От зари до зари я работал в лесу и приходил домой, когда все спало, лишь вдалеке тарахтел огородник Кузьмы Ивановича. Усталый, я валился на кровать, но и в последние минуты, перед тем как уснуть, я видел в окне темно-синее небо.
Как-то в середине ночи я был разбужен лаем своих собак. Кто-то торопливо стучал жесткими каблуками о звучные доски крыльца, затем прошел в сени, в кухню и, цепляясь за табуретку, — в мою комнату.
— Вставай, вставай, все спишь!
Это был Кузьма Иванович. Вид у него был возбужденный, странный. Странность была в торопливости, в какой-то необыкновенной для него взволнованности, в выражении лица, в голосе. Даже в том, что он заявился ко мне на кордон ни свет ни заря.
Он тяжело дышал и, не дав ни минуты, чтобы прийти в себя, потащил меня на улицу.
Я думал, что с ним случилось несчастье: сломался трактор или ушибло человека.
Он вывел меня на крыльцо и сказал:
— Небо. Гляди, какая красота. Ты спишь, а она пропадает.
Ночь была глуха, и, вероятно, кроме нас и астрономов, прильнувших к телескопам, ее не видел никто. Это было как откровение. Девственная, чистая небесная твердь. Тихо она раскрыла свой занавес.
Мир был таинствен, но он был доступен, он ждал пытливого человека.
Я мало глядел на небо. Я смотрел на Кузьму Ивановича, этого нескладного увальня, открывшего для себя богатство и бесконечность мира. И я меньше всего думал, отчего он именно в семнадцать лет вдруг увидел наше северное небо и поразился, — оттого ли, что он работал ночью или полюбил девушку, а когда люди влюбляются, они всегда интересуются небом.
С тех пор Кузьма Иванович зачастил ко мне. И внешне он изменился. Исчезла шапка, сидевшая на голове точно колокол, исчез грязный ватник, который он никогда не снимал. Видимо, он хотел расстаться со старым навсегда. В селе он всем надоел своими расспросами о звездах и небе. Над ним смеялись. Но он не обращал на насмешки внимания.

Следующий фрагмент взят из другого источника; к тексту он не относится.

(* Consider a finite Markov chain on a set $Q$ of states with $|Q|=n$. Let $x$ denote the smallest nonzero transition probability of the chain. Let $p\in Q$ and $S\subseteq Q$. For runs starting in $p$, define $T=k$ if the run hits a state of $S$ for the first time after exactly $k$ steps, and let $T$ be undefined if the run never hits $S$. Then $\mathcal{P}(T\ge k)\le 2c^k$ for all $k\ge n$, where $c:=\exp(-x^n/n)$.
   Context: $\mathcal{P}(T\ge k)$ denotes the probability of the set of runs from $p$ for which $T$ is defined and $T\ge k$. *)

theory Defs
  imports Complex_Main
begin

text \<open>A finite Markov chain on the finite state type 'q (so n = CARD('q)),
given by its transition matrix P (nonnegative entries, rows summing to 1).\<close>

definition stochastic :: "('q::finite \<Rightarrow> 'q \<Rightarrow> real) \<Rightarrow> bool" where
  "stochastic P \<longleftrightarrow> (\<forall>a b. 0 \<le> P a b) \<and> (\<forall>a. (\<Sum>b\<in>UNIV. P a b) = 1)"

definition min_trans :: "('q::finite \<Rightarrow> 'q \<Rightarrow> real) \<Rightarrow> real" where
  "min_trans P = Min {P a b | a b. P a b \<noteq> 0}"

text \<open>Probability that a run from p hits S for the first time after exactly j steps
 (step 0 included): sum over finite path prefixes p = w_0, ..., w_j with
 w_i \<notin> S for i < j and w_j \<in> S of the product of transition probabilities.\<close>
definition first_hit_prob :: "('q::finite \<Rightarrow> 'q \<Rightarrow> real) \<Rightarrow> 'q \<Rightarrow> 'q set \<Rightarrow> nat \<Rightarrow> real" where
  "first_hit_prob P p S j =
     (\<Sum>w \<in> {w :: 'q list. length w = Suc j \<and> w ! 0 = p \<and> (\<forall>i<j. w ! i \<notin> S) \<and> w ! j \<in> S}.
        \<Prod>i<j. P (w ! i) (w ! Suc i))"

text \<open>P(T \<ge> k): probability of the runs from p for which T is defined and T \<ge> k,
 i.e. the (countably additive) sum of the disjoint events T = j, j \<ge> k.\<close>
definition hit_tail_prob :: "('q::finite \<Rightarrow> 'q \<Rightarrow> real) \<Rightarrow> 'q \<Rightarrow> 'q set \<Rightarrow> nat \<Rightarrow> real" where
  "hit_tail_prob P p S k = (\<Sum>j. first_hit_prob P p S (j + k))"

end

theory Submission
  imports Defs
begin

text \<open>From every
state \<open>a\<close> that hits \<open>S\<close> with positive probability, \<open>S\<close> is reachable along a path of
fewer than \<open>n\<close> steps, so \<open>S\<close> is hit within \<open>n\<close> steps with probability at least \<open>x\<^sup>n\<close>.
Hence the probability of surviving \<open>n\<close> steps outside \<open>S\<close> among such states is at most
\<open>1 - x\<^sup>n\<close>, and by the Markov property the probability of surviving \<open>k\<close> steps is at most
\<open>(1 - x\<^sup>n)\<^bsup>\<lfloor>k/n\<rfloor>\<^esup>\<close>; runs that hit \<open>S\<close> at time \<open>\<ge> k\<close> are among these.
The elementary estimate \<open>1 - z \<le> 2 exp (-2z)\<close> turns this into \<open>2 exp (-x\<^sup>n/n)\<^sup>k\<close>.\<close>

lemma stochastic_nonneg: "stochastic P \<Longrightarrow> 0 \<le> P a b"
  by (simp add: stochastic_def)

lemma stochastic_sum: "stochastic P \<Longrightarrow> (\<Sum>b\<in>UNIV. P a b) = 1"
  by (simp add: stochastic_def)

lemma stochastic_convex_le:
  assumes "stochastic P" and "\<And>b. f b \<le> B"
  shows "(\<Sum>b\<in>UNIV. P a b * f b) \<le> B"
proof -
  have "(\<Sum>b\<in>UNIV. P a b * f b) \<le> (\<Sum>b\<in>UNIV. P a b * B)"
    using assms by (intro sum_mono mult_left_mono) (auto simp: stochastic_nonneg)
  also have "\<dots> = B"
    using assms by (simp add: sum_distrib_right[symmetric] stochastic_sum)
  finally show ?thesis .
qed

subsection \<open>The smallest nonzero transition probability\<close>

lemma stochastic_le_1:
  assumes "stochastic P"
  shows "P a b \<le> 1"
proof -
  have "P a b \<le> (\<Sum>c\<in>UNIV. P a c)"
    using assms by (intro member_le_sum) (auto simp: stochastic_nonneg)
  then show ?thesis using stochastic_sum[OF assms] by simp
qed

lemma finite_nonzero_values:
  fixes P :: "'q::finite \<Rightarrow> 'q \<Rightarrow> 'b::zero"
  shows "finite {P a b | a b. P a b \<noteq> 0}"
  by (rule finite_subset[of _ "range (case_prod P)"]) auto

lemma min_trans_le: "P a b \<noteq> 0 \<Longrightarrow> min_trans P \<le> P a b"
  unfolding min_trans_def by (intro Min_le finite_nonzero_values) auto

lemma min_trans_attained:
  assumes "stochastic P"
  obtains a b where "min_trans P = P a b" "P a b \<noteq> 0"
proof -
  obtain a :: 'a where True by simp
  from stochastic_sum[OF assms, of a] obtain b where "P a b \<noteq> 0"
    by (metis sum.neutral zero_neq_one)
  then have "{P a b | a b. P a b \<noteq> 0} \<noteq> {}" by blast
  from Min_in[OF finite_nonzero_values this] show ?thesis
    using that unfolding min_trans_def by blast
qed

lemma min_trans_pos: "stochastic P \<Longrightarrow> 0 < min_trans P"
  by (metis min_trans_attained stochastic_nonneg order_le_neq_trans)

lemma min_trans_le_1: "stochastic P \<Longrightarrow> min_trans P \<le> 1"
  by (metis min_trans_attained stochastic_le_1)

subsection \<open>First hitting probabilities\<close>

definition first_hit_paths :: "'q set \<Rightarrow> nat \<Rightarrow> 'q \<Rightarrow> 'q list set" where
  "first_hit_paths S j a =
     {w. length w = Suc j \<and> w ! 0 = a \<and> (\<forall>i<j. w ! i \<notin> S) \<and> w ! j \<in> S}"

lemma finite_first_hit_paths: "finite (first_hit_paths S j (a :: 'q::finite))"
  by (rule finite_subset[OF _ finite_lists_length_eq[of "UNIV :: 'q set" "Suc j"]])
     (auto simp: first_hit_paths_def)

lemma first_hit_paths_Suc:
  assumes "a \<notin> S"
  shows "first_hit_paths S (Suc j) a = Cons a ` (\<Union>b. first_hit_paths S j b)"
proof (intro set_eqI iffI)
  fix w assume w: "w \<in> first_hit_paths S (Suc j) a"
  then obtain w' where "w = a # w'"
    unfolding first_hit_paths_def by (cases w) auto
  moreover have "w' \<in> first_hit_paths S j (w' ! 0)"
    using w unfolding \<open>w = a # w'\<close> first_hit_paths_def by auto
  ultimately show "w \<in> Cons a ` (\<Union>b. first_hit_paths S j b)" by blast
next
  fix w assume "w \<in> Cons a ` (\<Union>b. first_hit_paths S j b)"
  then show "w \<in> first_hit_paths S (Suc j) a"
    using assms by (auto simp: first_hit_paths_def less_Suc_eq_0_disj)
qed

lemma first_hit_prob_paths:
  "first_hit_prob P a S j = (\<Sum>w\<in>first_hit_paths S j a. \<Prod>i<j. P (w ! i) (w ! Suc i))"
  unfolding first_hit_prob_def first_hit_paths_def ..

lemma first_hit_prob_0 [simp]: "first_hit_prob P a S 0 = (if a \<in> S then 1 else 0)"
proof -
  have "first_hit_paths S 0 a = (if a \<in> S then {[a]} else {})"
    by (auto simp: first_hit_paths_def length_Suc_conv)
  then show ?thesis by (simp add: first_hit_prob_paths)
qed

lemma first_hit_prob_Suc [simp]:
  "first_hit_prob P a S (Suc j) =
     (if a \<in> S then 0 else (\<Sum>b\<in>UNIV. P a b * first_hit_prob P b S j))"
proof (cases "a \<in> S")
  case True
  then have "first_hit_paths S (Suc j) a = {}"
    by (auto simp: first_hit_paths_def)
  with True show ?thesis by (simp add: first_hit_prob_paths)
next
  case False
  let ?f = "\<lambda>w. \<Prod>i<Suc j. P (w ! i) (w ! Suc i)"
  have "first_hit_prob P a S (Suc j) = (\<Sum>w\<in>(\<Union>b. first_hit_paths S j b). ?f (a # w))"
    by (simp add: first_hit_prob_paths first_hit_paths_Suc[OF False] sum.reindex)
  also have "\<dots> = (\<Sum>b\<in>UNIV. \<Sum>w\<in>first_hit_paths S j b. ?f (a # w))"
    by (intro sum.UNION_disjoint ballI finite_UNIV finite_first_hit_paths)
       (auto simp: first_hit_paths_def)
  also have "\<dots> = (\<Sum>b\<in>UNIV. \<Sum>w\<in>first_hit_paths S j b. P a b * (\<Prod>i<j. P (w ! i) (w ! Suc i)))"
    by (intro sum.cong refl, subst prod.lessThan_Suc_shift) (auto simp: first_hit_paths_def)
  also have "\<dots> = (\<Sum>b\<in>UNIV. P a b * first_hit_prob P b S j)"
    by (simp add: sum_distrib_left first_hit_prob_paths)
  finally show ?thesis using False by simp
qed

lemma first_hit_prob_nonneg: "stochastic P \<Longrightarrow> 0 \<le> first_hit_prob P a S j"
  by (induction j arbitrary: a) (auto simp: stochastic_nonneg intro!: sum_nonneg)

lemma first_hit_prob_Suc_pos:
  assumes "stochastic P" and "0 < first_hit_prob P a S (Suc j)"
  obtains b where "a \<notin> S" "0 < P a b" "0 < first_hit_prob P b S j"
proof -
  from assms(2) have "a \<notin> S" and "0 < (\<Sum>b\<in>UNIV. P a b * first_hit_prob P b S j)"
    by (auto split: if_splits)
  then obtain b where "0 < P a b * first_hit_prob P b S j"
    using sum_nonpos[of UNIV "\<lambda>b. P a b * first_hit_prob P b S j"] by (auto simp: not_less[symmetric])
  then have "P a b \<noteq> 0" "first_hit_prob P b S j \<noteq> 0" by auto
  with assms(1) have "0 < P a b" "0 < first_hit_prob P b S j"
    by (simp_all add: less_le stochastic_nonneg first_hit_prob_nonneg)
  with \<open>a \<notin> S\<close> show ?thesis by (rule that)
qed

Он приходил ночью и не давал спать. Ему надо было высказаться и выспросить то, что знали я и дед. Тут шли разговоры о Галактике, о Солнце, о Луне.
Он тыкал своим замасленным пальцем в тонкую брошюру и оживленно читал: «Мы наблюдаем всего ограниченную часть вселенной. Есть такие звезды, что свет, идущий от них, не может достигнуть нас, пока мы живем».
Астрономия захватила его целиком. Я был удивлен его способностью так быстро освоить довольно сложные астрономические понятия.
Я знал об этом обидно мало. С моим дедом на астрономические темы говорить было трудно.
— Ты, браток, об этом вопросе не думай, — говорил дед. — Головы не ломай. Ты в корень гляди. А звезда — она что? Одна видимость. Ты на работу нажимай. Так-то оно верней.
Сидя за трактором или возвращаясь домой по ночной дороге, зная, что в такую пору его никто не будет слушать, Кузьма Иванович, наверное, говорил сам с собой, с лесом, с журчащим ручьем, потому что не говорить в таком состоянии человек не может.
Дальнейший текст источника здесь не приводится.